An odd way of manipulating Reddit
A couple of years ago one of my subreddits suddenly attraced a huge number of new subscribers overnight. I have four or five subreddits where I post links, all of them with a couple of dozen subscribers; I have no idea who these people are and why they would be subscribing to what is explicitly a distributed personal bookmark list.
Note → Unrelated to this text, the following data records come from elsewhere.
(* If every geodesic on $\Sigma_\Gamma$ intersects the open ball $B(\pi(x),\rho)$, then $S^+(\ell,\rho,x)$ is $\varepsilon$-relatively dense for some real $\varepsilon>0$.
   Context: $\mathbb{D}=\{z\in\mathbb{C}:|z|<1\}$ with hyperbolic metric $d$ induced by $ds=2|dz|/(1-|z|^2)$; geodesics are parametrised with unit speed and the normal bundle of an oriented geodesic is oriented by the standard orientation of $\mathbb{D}$ and that of the geodesic. Standing setting: $\Gamma$ is a cocompact Fuchsian group with fundamental domain $\tau$ a hyperbolic polygon whose side-pairing generators are none of them their own inverse; $\Sigma_\Gamma=\Gamma\backslash\mathbb{D}$ with quotient map $\pi$ and induced metric; $\ell$ is a geodesic in $\mathbb{D}$ with unit-speed parametrisation $\kappa_\ell$ such that the image of $\{(\kappa_\ell(t),\kappa_\ell'(t))\}$ in $\operatorname{ST}(\Sigma_\Gamma)$ is a dense orbit of the geodesic flow; $x\in\tau^\circ$ and $\rho>0$. For a geodesic $k$ with unit-speed parametrisation $\kappa$: $\overline{\mathcal{N}(k,\rho)}^+$ is the union of $\{y:d(y,k)<\rho\}$ with the component of its boundary on the positive side of $k$; $p_k$ is orthogonal projection onto $k$; $S^+(k,\rho,x)=\kappa^{-1}(p_k(\Gamma(x)\cap\overline{\mathcal{N}(k,\rho)}^+))\subseteq\mathbb{R}$. A set $S\subseteq\mathbb{R}$ is $\varepsilon$-relatively dense if every $t\in\mathbb{R}$ has some $s\in S$ with $|t-s|\le\varepsilon$. *)

theory Defs
  imports "HOL-Analysis.Analysis"
begin

definition disc :: "complex set" where
  "disc = ball 0 1"

text \<open>Distance induced by ds = 2|dz|/(1-|z|^2).\<close>
definition hdist :: "complex \<Rightarrow> complex \<Rightarrow> real" where
  "hdist z w = arcosh (1 + 2 * (cmod (z - w))^2 / ((1 - (cmod z)^2) * (1 - (cmod w)^2)))"

definition hdist_set :: "complex \<Rightarrow> complex set \<Rightarrow> real" where
  "hdist_set y A = (INF a\<in>A. hdist y a)"

text \<open>Orientation preserving isometries of the disc, acting on the disc and
  extended by the identity outside the disc (so that composition of functions is
  composition of isometries).\<close>
definition disc_isom :: "(complex \<Rightarrow> complex) \<Rightarrow> bool" where
  "disc_isom f \<longleftrightarrow>
     (\<exists>a b. (cmod a)^2 - (cmod b)^2 = 1 \<and>
        (\<forall>z\<in>disc. f z = (a * z + b) / (cnj b * z + cnj a))) \<and>
     (\<forall>z. z \<notin> disc \<longrightarrow> f z = z)"

text \<open>Fuchsian group: discrete subgroup (equivalently, acting properly discontinuously).\<close>
definition fuchsian_group :: "(complex \<Rightarrow> complex) set \<Rightarrow> bool" where
  "fuchsian_group G \<longleftrightarrow>
     (\<forall>g\<in>G. disc_isom g) \<and> id \<in> G \<and> (\<forall>g\<in>G. \<forall>h\<in>G. g \<circ> h \<in> G) \<and>
     (\<forall>g\<in>G. inv g \<in> G) \<and>
     (\<forall>K. compact K \<and> K \<subseteq> disc \<longrightarrow> finite {g\<in>G. g ` K \<inter> K \<noteq> {}})"

definition cocompact_fuchsian :: "(complex \<Rightarrow> complex) set \<Rightarrow> bool" where
  "cocompact_fuchsian G \<longleftrightarrow> fuchsian_group G \<and>
     (\<exists>K. compact K \<and> K \<subseteq> disc \<and> (\<Union>g\<in>G. g ` K) = disc)"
One day I posted an article about the origins of COVID, by a long-standing science writer named Nicholas Wade. By random coincidence it is his birthday today; he must be in his 80s. The article in question, while doubtless controversial at the time, is of course written in normal literary standard English rather than breathless Alex Jones-ese or the cant of the dog-on-a-string brigade. But brigade is what transpired: about 980 accounts subscribed to my "InformationPolicy" subreddit, dwarfing the audience about 40 that had gradually accreted to that point.
And this group, whoever they are, have occasionally kerb-stomped the visibility of future posts they don't like. They don't comment; I don't know if they're real people or a bot swarm. But they can stop any other posts ever propagating out of my subreddit with their huge numbers.
Now I'm not on Reddit to build an audience at all: it's simply a distributed bookmark store for me so I can find URLs years later. Odd though that even non-entities like me sometimes trigger these draconian but subtle "containment" interventions.